Requirement> Beginning with the line below that contains "proof eventually_elim" and ending with the line that contains "j. ennreal (g", copy every line exactly. Copy nothing else.

--

lemma dagger_stable_if_dominated:
  fixes f :: "(real,'m::{finite,linorder}) vec \<Rightarrow> (real,'n::{finite,linorder}) vec"
  assumes U: "U \<in> sets lebesgue" and k: "k < CARD('n)"
    and C1: "\<And>j. C1_on U (fs j)" and W: "W11_conv U fs f"
    and G: "integrable (lebesgue_on U) G"
    and dom: "AE x in lebesgue_on U. \<forall>j. lam k (wjac U (fs j) x) + lam (Suc k) (wjac U (fs j) x) \<le> G x"
    and cy: "AE x in lebesgue_on U. (\<lambda>j. fs j x) \<longlonglongrightarrow> f x"
    and cD: "AE x in lebesgue_on U. \<forall>\<nu> \<mu>. (\<lambda>j. wjac U (fs j) x $ \<nu> $ \<mu>) \<longlonglongrightarrow> wjac U f x $ \<nu> $ \<mu>"
  shows "dagger_stable k U f"
proof -
  have tau: "tau_conv p U fs f" if "p \<in> {k, Suc k}" for p
  proof (rule tau_conv_if_dominated[OF U W G _ cy cD])
    show "AE x in lebesgue_on U. \<forall>j. lam p (wjac U (fs j) x) \<le> G x"
      using dom
    proof eventually_elim
      case (elim x)
      have "lam p (wjac U (fs j) x) \<le> lam k (wjac U (fs j) x) + lam (Suc k) (wjac U (fs j) x)" for j
        using that lam_nonneg[of k "wjac U (fs j) x"] lam_nonneg[of "Suc k" "wjac U (fs j) x"] by auto
      then show ?case using elim by (blast intro: order_trans)
    qed
  qed
  then have tau_k: "tau_conv k U fs f" and tau_Sk: "tau_conv (Suc k) U fs f" by simp_all
  then have "Fk k U f" "Fk (Suc k) U f" "\<And>j. Fk k U (fs j)" "\<And>j. Fk (Suc k) U (fs j)"
    unfolding tau_conv_def by simp_all
  then show ?thesis
    using k C1 tau_k tau_Sk unfolding dagger_stable_def by (auto intro!: exI[of _ fs])
qed


theorem mainTheorem7:
  fixes U :: "((real, 'm::{finite,linorder}) vec) set"
    and f :: "(real, 'm) vec \<Rightarrow> (real, 'n::{finite,linorder}) vec"
    and k :: nat
  assumes "open U" and "connected U" and "bounded U"
    and "k < CARD('n)"
    and "W11 U f"
    and "(INF fs \<in> {fs. (\<forall>j. C1_on U (fs j)) \<and> W11_conv U fs f}.
           (\<integral>\<^sup>+ x \<in> U. (SUP j. ennreal (lam k (wjac U (fs j) x) + lam (Suc k) (wjac U (fs j) x))) \<partial>lebesgue))
         < \<infinity>"
  shows "dagger_stable k U f"
proof -
  have U: "U \<in> sets lebesgue" using \<open>open U\<close> by (rule open_sets_lebesgue)
  define g where "g (fs :: nat \<Rightarrow> (real,'m) vec \<Rightarrow> (real,'n) vec) j x =
      lam k (wjac U (fs j) x) + lam (Suc k) (wjac U (fs j) x)" for fs j x
  obtain fs where C1: "\<And>j. C1_on U (fs j)" and W: "W11_conv U fs f"
    and fin: "(\<integral>\<^sup>+ x. (SUP j. ennreal (g fs j x)) \<partial>lebesgue_on U) < \<infinity>"
    using assms(6) unfolding INF_less_iff g_def set_nn_integral_eq_on[OF U] by blast
  have "g fs j \<in> borel_measurable (lebesgue_on U)" for j
    using W W11_facts(3)[OF U] unfolding g_def W11_conv_def
    by (auto intro!: borel_measurable_add lam_measurable)
  then obtain G where G: "integrable (lebesgue_on U) G" and dom: "AE x in lebesgue_on U. \<forall>j. g fs j x \<le> G x"
    using SUP_integral_majorant fin by blast
  obtain r where r: "strict_mono r" and cy: "AE x in lebesgue_on U. (\<lambda>j. fs (r j) x) \<longlonglongrightarrow> f x"
    and cD: "AE x in lebesgue_on U. \<forall>\<nu> \<mu>. (\<lambda>j. wjac U (fs (r j)) x $ \<nu> $ \<mu>) \<longlonglongrightarrow> wjac U f x $ \<nu> $ \<mu>"
    using W11_conv_AE_subseq[OF U W] by blast
  have "AE x in lebesgue_on U. \<forall>j. g fs (r j) x \<le> G x" using dom by (rule AE_mp) auto
  then show ?thesis
    using dagger_stable_if_dominated[OF U assms(4) C1 W11_conv_subseq[OF r W] G _ cy cD]
    unfolding g_def by blast
qed
end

--

Task output>
    proof eventually_elim
      case (elim x)
      have "lam p (wjac U (fs j) x) \<le> lam k (wjac U (fs j) x) + lam (Suc k) (wjac U (fs j) x)" for j
        using that lam_nonneg[of k "wjac U (fs j) x"] lam_nonneg[of "Suc k" "wjac U (fs j) x"] by auto
      then show ?case using elim by (blast intro: order_trans)
    qed
  qed
  then have tau_k: "tau_conv k U fs f" and tau_Sk: "tau_conv (Suc k) U fs f" by simp_all
  then have "Fk k U f" "Fk (Suc k) U f" "\<And>j. Fk k U (fs j)" "\<And>j. Fk (Suc k) U (fs j)"
    unfolding tau_conv_def by simp_all
  then show ?thesis
    using k C1 tau_k tau_Sk unfolding dagger_stable_def by (auto intro!: exI[of _ fs])
qed


theorem mainTheorem7:
  fixes U :: "((real, 'm::{finite,linorder}) vec) set"
    and f :: "(real, 'm) vec \<Rightarrow> (real, 'n::{finite,linorder}) vec"
    and k :: nat
  assumes "open U" and "connected U" and "bounded U"
    and "k < CARD('n)"
    and "W11 U f"
    and "(INF fs \<in> {fs. (\<forall>j. C1_on U (fs j)) \<and> W11_conv U fs f}.
           (\<integral>\<^sup>+ x \<in> U. (SUP j. ennreal (lam k (wjac U (fs j) x) + lam (Suc k) (wjac U (fs j) x))) \<partial>lebesgue))
         < \<infinity>"
  shows "dagger_stable k U f"
proof -
  have U: "U \<in> sets lebesgue" using \<open>open U\<close> by (rule open_sets_lebesgue)
  define g where "g (fs :: nat \<Rightarrow> (real,'m) vec \<Rightarrow> (real,'n) vec) j x =
      lam k (wjac U (fs j) x) + lam (Suc k) (wjac U (fs j) x)" for fs j x
  obtain fs where C1: "\<And>j. C1_on U (fs j)" and W: "W11_conv U fs f"
    and fin: "(\<integral>\<^sup>+ x. (SUP j. ennreal (g fs j x)) \<partial>lebesgue_on U) < \<infinity>"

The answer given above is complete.